● Task objective:
Only lines holding the word "field" should be copied from the material.

● Records for this exercise:
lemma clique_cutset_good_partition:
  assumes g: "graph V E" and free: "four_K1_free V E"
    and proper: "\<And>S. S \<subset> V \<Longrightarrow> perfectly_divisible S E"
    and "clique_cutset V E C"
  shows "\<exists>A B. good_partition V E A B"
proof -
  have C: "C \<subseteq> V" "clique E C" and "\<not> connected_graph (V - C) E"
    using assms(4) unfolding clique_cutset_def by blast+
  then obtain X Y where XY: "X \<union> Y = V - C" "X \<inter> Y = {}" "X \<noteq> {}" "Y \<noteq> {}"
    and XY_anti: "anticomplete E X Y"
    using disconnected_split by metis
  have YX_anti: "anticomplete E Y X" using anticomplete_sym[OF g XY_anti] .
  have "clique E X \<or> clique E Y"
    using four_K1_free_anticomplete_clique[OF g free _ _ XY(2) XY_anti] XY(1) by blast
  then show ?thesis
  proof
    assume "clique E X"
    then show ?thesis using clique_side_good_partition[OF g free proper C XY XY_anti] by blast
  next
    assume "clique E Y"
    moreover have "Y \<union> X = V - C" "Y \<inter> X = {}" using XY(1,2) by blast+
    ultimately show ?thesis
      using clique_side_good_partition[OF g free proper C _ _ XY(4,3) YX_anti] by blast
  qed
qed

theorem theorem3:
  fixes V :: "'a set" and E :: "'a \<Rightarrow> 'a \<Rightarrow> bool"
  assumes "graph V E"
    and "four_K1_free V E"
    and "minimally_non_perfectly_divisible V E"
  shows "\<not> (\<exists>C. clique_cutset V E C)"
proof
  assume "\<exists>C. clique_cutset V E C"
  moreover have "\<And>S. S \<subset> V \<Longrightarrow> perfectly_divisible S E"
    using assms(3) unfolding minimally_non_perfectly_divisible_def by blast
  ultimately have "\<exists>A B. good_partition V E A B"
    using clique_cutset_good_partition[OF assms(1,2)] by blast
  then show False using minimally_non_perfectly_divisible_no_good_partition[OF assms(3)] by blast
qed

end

* * *

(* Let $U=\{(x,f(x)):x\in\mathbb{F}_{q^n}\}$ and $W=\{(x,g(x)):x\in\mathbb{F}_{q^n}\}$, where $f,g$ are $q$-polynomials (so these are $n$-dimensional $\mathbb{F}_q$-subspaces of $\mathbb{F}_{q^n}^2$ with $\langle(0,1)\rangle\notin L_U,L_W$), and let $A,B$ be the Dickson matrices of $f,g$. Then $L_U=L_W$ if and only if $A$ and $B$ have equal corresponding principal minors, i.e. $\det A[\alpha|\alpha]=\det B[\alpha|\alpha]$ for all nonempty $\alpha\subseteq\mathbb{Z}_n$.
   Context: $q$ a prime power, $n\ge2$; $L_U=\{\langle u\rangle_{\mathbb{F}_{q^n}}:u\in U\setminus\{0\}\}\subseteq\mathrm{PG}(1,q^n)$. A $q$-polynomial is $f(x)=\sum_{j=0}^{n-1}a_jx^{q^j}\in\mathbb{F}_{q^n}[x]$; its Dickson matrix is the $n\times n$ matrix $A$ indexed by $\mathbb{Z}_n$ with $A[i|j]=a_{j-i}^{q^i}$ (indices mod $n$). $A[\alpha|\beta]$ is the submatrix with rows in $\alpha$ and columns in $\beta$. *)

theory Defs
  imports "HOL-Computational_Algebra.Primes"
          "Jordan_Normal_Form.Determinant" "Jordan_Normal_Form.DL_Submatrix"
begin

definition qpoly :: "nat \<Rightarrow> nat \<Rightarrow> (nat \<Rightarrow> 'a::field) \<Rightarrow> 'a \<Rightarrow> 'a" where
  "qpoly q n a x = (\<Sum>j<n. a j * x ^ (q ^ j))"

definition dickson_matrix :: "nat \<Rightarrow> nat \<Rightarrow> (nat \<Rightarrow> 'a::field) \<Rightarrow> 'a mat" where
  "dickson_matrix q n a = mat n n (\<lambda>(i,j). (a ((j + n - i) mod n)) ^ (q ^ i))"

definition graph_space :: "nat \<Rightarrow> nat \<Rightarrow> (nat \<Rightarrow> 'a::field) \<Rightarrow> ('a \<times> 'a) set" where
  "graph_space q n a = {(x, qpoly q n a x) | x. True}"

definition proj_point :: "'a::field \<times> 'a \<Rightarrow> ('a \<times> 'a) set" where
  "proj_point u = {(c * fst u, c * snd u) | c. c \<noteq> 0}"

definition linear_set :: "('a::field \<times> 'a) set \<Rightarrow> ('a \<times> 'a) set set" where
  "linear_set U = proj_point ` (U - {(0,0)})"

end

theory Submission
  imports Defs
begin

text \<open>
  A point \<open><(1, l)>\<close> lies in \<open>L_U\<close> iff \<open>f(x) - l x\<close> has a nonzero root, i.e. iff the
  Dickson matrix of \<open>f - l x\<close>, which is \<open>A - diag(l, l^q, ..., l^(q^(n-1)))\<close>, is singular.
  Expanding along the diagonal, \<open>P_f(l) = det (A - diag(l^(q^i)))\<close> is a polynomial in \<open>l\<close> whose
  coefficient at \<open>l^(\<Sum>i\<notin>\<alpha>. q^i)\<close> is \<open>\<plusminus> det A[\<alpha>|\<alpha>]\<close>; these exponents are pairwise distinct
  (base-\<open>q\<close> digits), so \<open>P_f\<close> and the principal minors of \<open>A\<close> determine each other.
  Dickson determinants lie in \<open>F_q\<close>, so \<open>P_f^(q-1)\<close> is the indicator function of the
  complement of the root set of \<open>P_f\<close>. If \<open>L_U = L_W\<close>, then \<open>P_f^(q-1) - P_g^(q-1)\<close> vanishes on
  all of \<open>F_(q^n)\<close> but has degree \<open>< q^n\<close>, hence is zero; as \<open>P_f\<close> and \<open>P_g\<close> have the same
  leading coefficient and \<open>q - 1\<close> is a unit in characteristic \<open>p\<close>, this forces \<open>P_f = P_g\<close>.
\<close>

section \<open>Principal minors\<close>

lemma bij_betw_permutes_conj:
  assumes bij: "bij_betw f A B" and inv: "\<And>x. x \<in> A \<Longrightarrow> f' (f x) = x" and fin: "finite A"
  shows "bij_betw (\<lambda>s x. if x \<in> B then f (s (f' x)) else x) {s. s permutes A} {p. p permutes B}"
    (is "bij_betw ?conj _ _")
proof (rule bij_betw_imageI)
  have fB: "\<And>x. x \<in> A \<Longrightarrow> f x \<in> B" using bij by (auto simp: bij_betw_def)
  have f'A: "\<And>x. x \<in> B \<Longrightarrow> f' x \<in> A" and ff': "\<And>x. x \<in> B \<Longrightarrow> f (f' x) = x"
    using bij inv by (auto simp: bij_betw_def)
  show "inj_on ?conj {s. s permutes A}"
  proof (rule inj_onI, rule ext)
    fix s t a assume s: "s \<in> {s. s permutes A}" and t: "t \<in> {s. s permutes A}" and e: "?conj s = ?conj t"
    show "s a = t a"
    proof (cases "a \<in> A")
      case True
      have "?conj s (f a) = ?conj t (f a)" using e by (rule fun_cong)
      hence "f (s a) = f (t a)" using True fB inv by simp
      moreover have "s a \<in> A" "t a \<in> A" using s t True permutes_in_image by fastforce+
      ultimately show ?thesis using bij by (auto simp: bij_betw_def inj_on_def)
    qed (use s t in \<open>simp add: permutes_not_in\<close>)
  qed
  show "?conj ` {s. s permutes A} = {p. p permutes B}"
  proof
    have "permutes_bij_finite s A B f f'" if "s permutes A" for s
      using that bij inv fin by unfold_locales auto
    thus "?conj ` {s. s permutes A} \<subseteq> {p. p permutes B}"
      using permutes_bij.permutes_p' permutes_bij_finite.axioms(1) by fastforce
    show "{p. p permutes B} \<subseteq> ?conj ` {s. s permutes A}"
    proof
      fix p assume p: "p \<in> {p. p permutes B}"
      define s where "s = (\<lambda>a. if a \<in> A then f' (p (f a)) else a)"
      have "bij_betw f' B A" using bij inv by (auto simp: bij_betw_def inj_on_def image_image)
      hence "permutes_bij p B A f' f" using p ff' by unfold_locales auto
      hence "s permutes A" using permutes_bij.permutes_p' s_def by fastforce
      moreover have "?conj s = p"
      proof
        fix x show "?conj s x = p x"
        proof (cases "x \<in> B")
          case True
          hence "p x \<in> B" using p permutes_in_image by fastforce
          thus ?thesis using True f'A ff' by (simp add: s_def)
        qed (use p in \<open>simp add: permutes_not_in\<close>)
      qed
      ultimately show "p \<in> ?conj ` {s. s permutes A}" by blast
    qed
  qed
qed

● Response to the exercise:
definition qpoly :: "nat \<Rightarrow> nat \<Rightarrow> (nat \<Rightarrow> 'a::field) \<Rightarrow> 'a \<Rightarrow> 'a" where
definition dickson_matrix :: "nat \<Rightarrow> nat \<Rightarrow> (nat \<Rightarrow> 'a::field) \<Rightarrow> 'a mat" where
definition graph_space :: "nat \<Rightarrow> nat \<Rightarrow> (nat \<Rightarrow> 'a::field) \<Rightarrow> ('a \<times> 'a) set" where
definition proj_point :: "'a::field \<times> 'a \<Rightarrow> ('a \<times> 'a) set" where
definition linear_set :: "('a::field \<times> 'a) set \<Rightarrow> ('a \<times> 'a) set set" where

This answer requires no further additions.